Geometric Vase designed by Weston Neil Andersen was hand-made in a business in a home on Southport Island, Maine during the mid-twentieth century. It went through a second firing in a house fire in East Boothbay, giving it a truly unique finish

Scoring a point for inclusion of The LifeStyle Factor

Credit is due to the Camoin Report, for including under “Objective Three Target and reinvigorate existing commercial areas for economic growth”,

small businesses and entrepreneurs seeking high-quality village lifestyle with home occupations”.

It is rare to find a mention of home businesses, let alone acknowledgment of the value of the businesses in a home sector measured as a quality lifestyle choice. It is in the Camoin Report that I have first seen home businesses included in the local economic discussion. The authors voicing that recognition are from out-of-state and the words have not been noted by our local community leaders.
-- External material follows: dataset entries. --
lemma prod_internal_edges:
  assumes sym: "\<And>x y. G x y = G y x"
  shows "(\<Prod>t\<in>internal_edges. edge_val G \<Phi> t)
    = (\<Prod>i\<in>VF. \<Prod>e\<in>HE i. edge_val G (curry_Sigma VF HV \<Phi> i) e)"
proof -
  have "(\<Prod>t\<in>internal_edges. edge_val G \<Phi> t) = (\<Prod>i\<in>VF. \<Prod>t\<in>image (Pair i) ` HE i. edge_val G \<Phi> t)"
    unfolding internal_edges_def
  proof (rule prod.UNION_disjoint)
    show "finite VF"
      using graph_F by (simp add: graph_def)
    show "\<forall>i\<in>VF. finite (image (Pair i) ` HE i)"
      using finite_HE by blast
    show "\<forall>i\<in>VF. \<forall>i'\<in>VF. i \<noteq> i' \<longrightarrow> image (Pair i) ` HE i \<inter> image (Pair i') ` HE i' = {}"
      using fst_internal_edge by (metis disjoint_iff singleton_inject)
  qed
  also have "\<dots> = (\<Prod>i\<in>VF. \<Prod>e\<in>HE i. edge_val G \<Phi> (Pair i ` e))"
  proof (intro prod.cong refl)
    fix i
    have "inj (Pair i :: 'h \<Rightarrow> 'f \<times> 'h)"
      by (rule injI) simp
    then have "inj_on (image (Pair i)) (HE i)"
      by (simp add: inj_on_def inj_image_eq_iff)
    then show "(\<Prod>t\<in>image (Pair i) ` HE i. edge_val G \<Phi> t) = (\<Prod>e\<in>HE i. edge_val G \<Phi> (Pair i ` e))"
      by (simp add: prod.reindex)
  qed
  also have "\<dots> = (\<Prod>i\<in>VF. \<Prod>e\<in>HE i. edge_val G (curry_Sigma VF HV \<Phi> i) e)"
  proof (intro prod.cong refl)
    fix i e assume "i \<in> VF" "e \<in> HE i"
    then obtain x y where "e = {x, y}" "x \<noteq> y" "x \<in> HV i" "y \<in> HV i"
      by (rule H_edgeE)
    with \<open>i \<in> VF\<close> show "edge_val G \<Phi> (Pair i ` e) = edge_val G (curry_Sigma VF HV \<Phi> i) e"
      by (simp add: edge_val_doubleton sym curry_Sigma_def)
  qed
  finally show ?thesis .
qed

lemma inj_on_cross_edge:
  "inj_on (\<lambda>((j, k), x, y). {(j, x), (k, y)}) (Sigma arcs (\<lambda>(j, k). HV j \<times> HV k))"
proof (rule inj_onI)
  fix a b
  assume "a \<in> Sigma arcs (\<lambda>(j, k). HV j \<times> HV k)" "b \<in> Sigma arcs (\<lambda>(j, k). HV j \<times> HV k)"
    and eq: "(\<lambda>((j, k), x, y). {(j, x), (k, y)}) a = (\<lambda>((j, k), x, y). {(j, x), (k, y)}) b"
  moreover obtain j k x y j' k' x' y' where ab: "a = ((j, k), x, y)" "b = ((j', k'), x', y')"
    by (metis prod.exhaust)
  ultimately have "j \<in> A" "k' \<notin> A"
    using arcsD(3,4) by auto
  with eq show "a = b"
    unfolding ab by (auto simp: doubleton_eq_iff)
qed

lemma prod_cross_edges:
  assumes sym: "\<And>x y. G x y = G y x"
  shows "(\<Prod>t\<in>cross_edges. edge_val G \<Phi> t) = cross_weight G arcs HV (curry_Sigma VF HV \<Phi>)"
proof -
  let ?S = "Sigma arcs (\<lambda>(j, k). HV j \<times> HV k)"
  have "(\<Prod>t\<in>cross_edges. edge_val G \<Phi> t) = (\<Prod>((j, k), x, y)\<in>?S. edge_val G \<Phi> {(j, x), (k, y)})"
    unfolding cross_edges_def prod.reindex[OF inj_on_cross_edge] by (simp add: comp_def case_prod_beta)
  also have "\<dots> = (\<Prod>((j, k), x, y)\<in>?S. G (\<Phi> (j, x)) (\<Phi> (k, y)))"
  proof (rule prod.cong[OF refl])
    fix z assume "z \<in> ?S"
    then obtain j k x y where "z = ((j, k), x, y)" and jk: "(j, k) \<in> arcs"
      by auto
    moreover have "j \<noteq> k"
      using arcsD(3,4)[OF jk] by blast
    ultimately show "(\<lambda>((j, k), x, y). edge_val G \<Phi> {(j, x), (k, y)}) z
        = (\<lambda>((j, k), x, y). G (\<Phi> (j, x)) (\<Phi> (k, y))) z"
      by (simp add: edge_val_doubleton sym)
  qed
  also have "\<dots> = (\<Prod>(j, k)\<in>arcs. \<Prod>(x, y)\<in>HV j \<times> HV k. G (\<Phi> (j, x)) (\<Phi> (k, y)))"
    using prod.Sigma[OF finite_arcs, of "\<lambda>(j, k). HV j \<times> HV k" "\<lambda>(j, k) (x, y). G (\<Phi> (j, x)) (\<Phi> (k, y))"]
      finite_arc_blocks
    by (simp add: split_def)
  also have "\<dots> = cross_weight G arcs HV (curry_Sigma VF HV \<Phi>)"
    unfolding cross_weight_def prod.cartesian_product[symmetric]
  proof (rule prod.cong[OF refl], clarify)
    fix j k assume "(j, k) \<in> arcs"
    then show "(\<Prod>x\<in>HV j. \<Prod>y\<in>HV k. G (\<Phi> (j, x)) (\<Phi> (k, y)))
        = (\<Prod>x\<in>HV j. \<Prod>y\<in>HV k. G (curry_Sigma VF HV \<Phi> j x) (curry_Sigma VF HV \<Phi> k y))"
      using arcsD(1,2) by (simp add: curry_Sigma_def)
  qed
  finally show ?thesis .
qed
The Camoin Report scores a second point as a remote consultant who will speak for the whole fabric of a community rather than merely a targeted sector.

The targeted sector mentality still rules the day!

Three years after the report was completed, the town selectmen got together to select three priorities from the 63 priorities that the Camoin Report identified, the three issues were “broadband, housing diversity and availability, and downtown development and waterfront management.

Broadband is being pushed on this community by a small group formed as a “public-private relationship” that aims to form a public-privately owned broadband corporation just for the peninsula. It has been an uphill road for them since our community is rated as over-served by the state, but there is no limit to how much other people’s money this group is willing to spend to get its way. I suggest waving a meme of Elon Musk and asking why the public should take on the risk.

The Starlink 3 train rides across the early morning sky, accompanied by a handful of other satellites. Photo by forest-katsch-unsplash

“Housing diversity and availability” and “waterfront management” are examples of political language that can be interpreted in a multitude of ways. One can say that “housing diversity” includes business in a home- but that wasn’t actually said. One can also interpret “housing diversity and availability” to mean, we need a plan to increase population density on the peninsula, which is being said over and over again. Why?

Why:
Why must the population be expanded? So that we can build housing developments and a school. Why must we build housing developments and a school? The school is to attract a population to the peninsula, needed to attract corporate jobs requiring large workforces to the peninsula, to occupy the housing developments, which will bring in lots of taxes! It’s about the taxes! Why do we need more taxes? To spend on new development!

What Boothbay has now is irreplaceable!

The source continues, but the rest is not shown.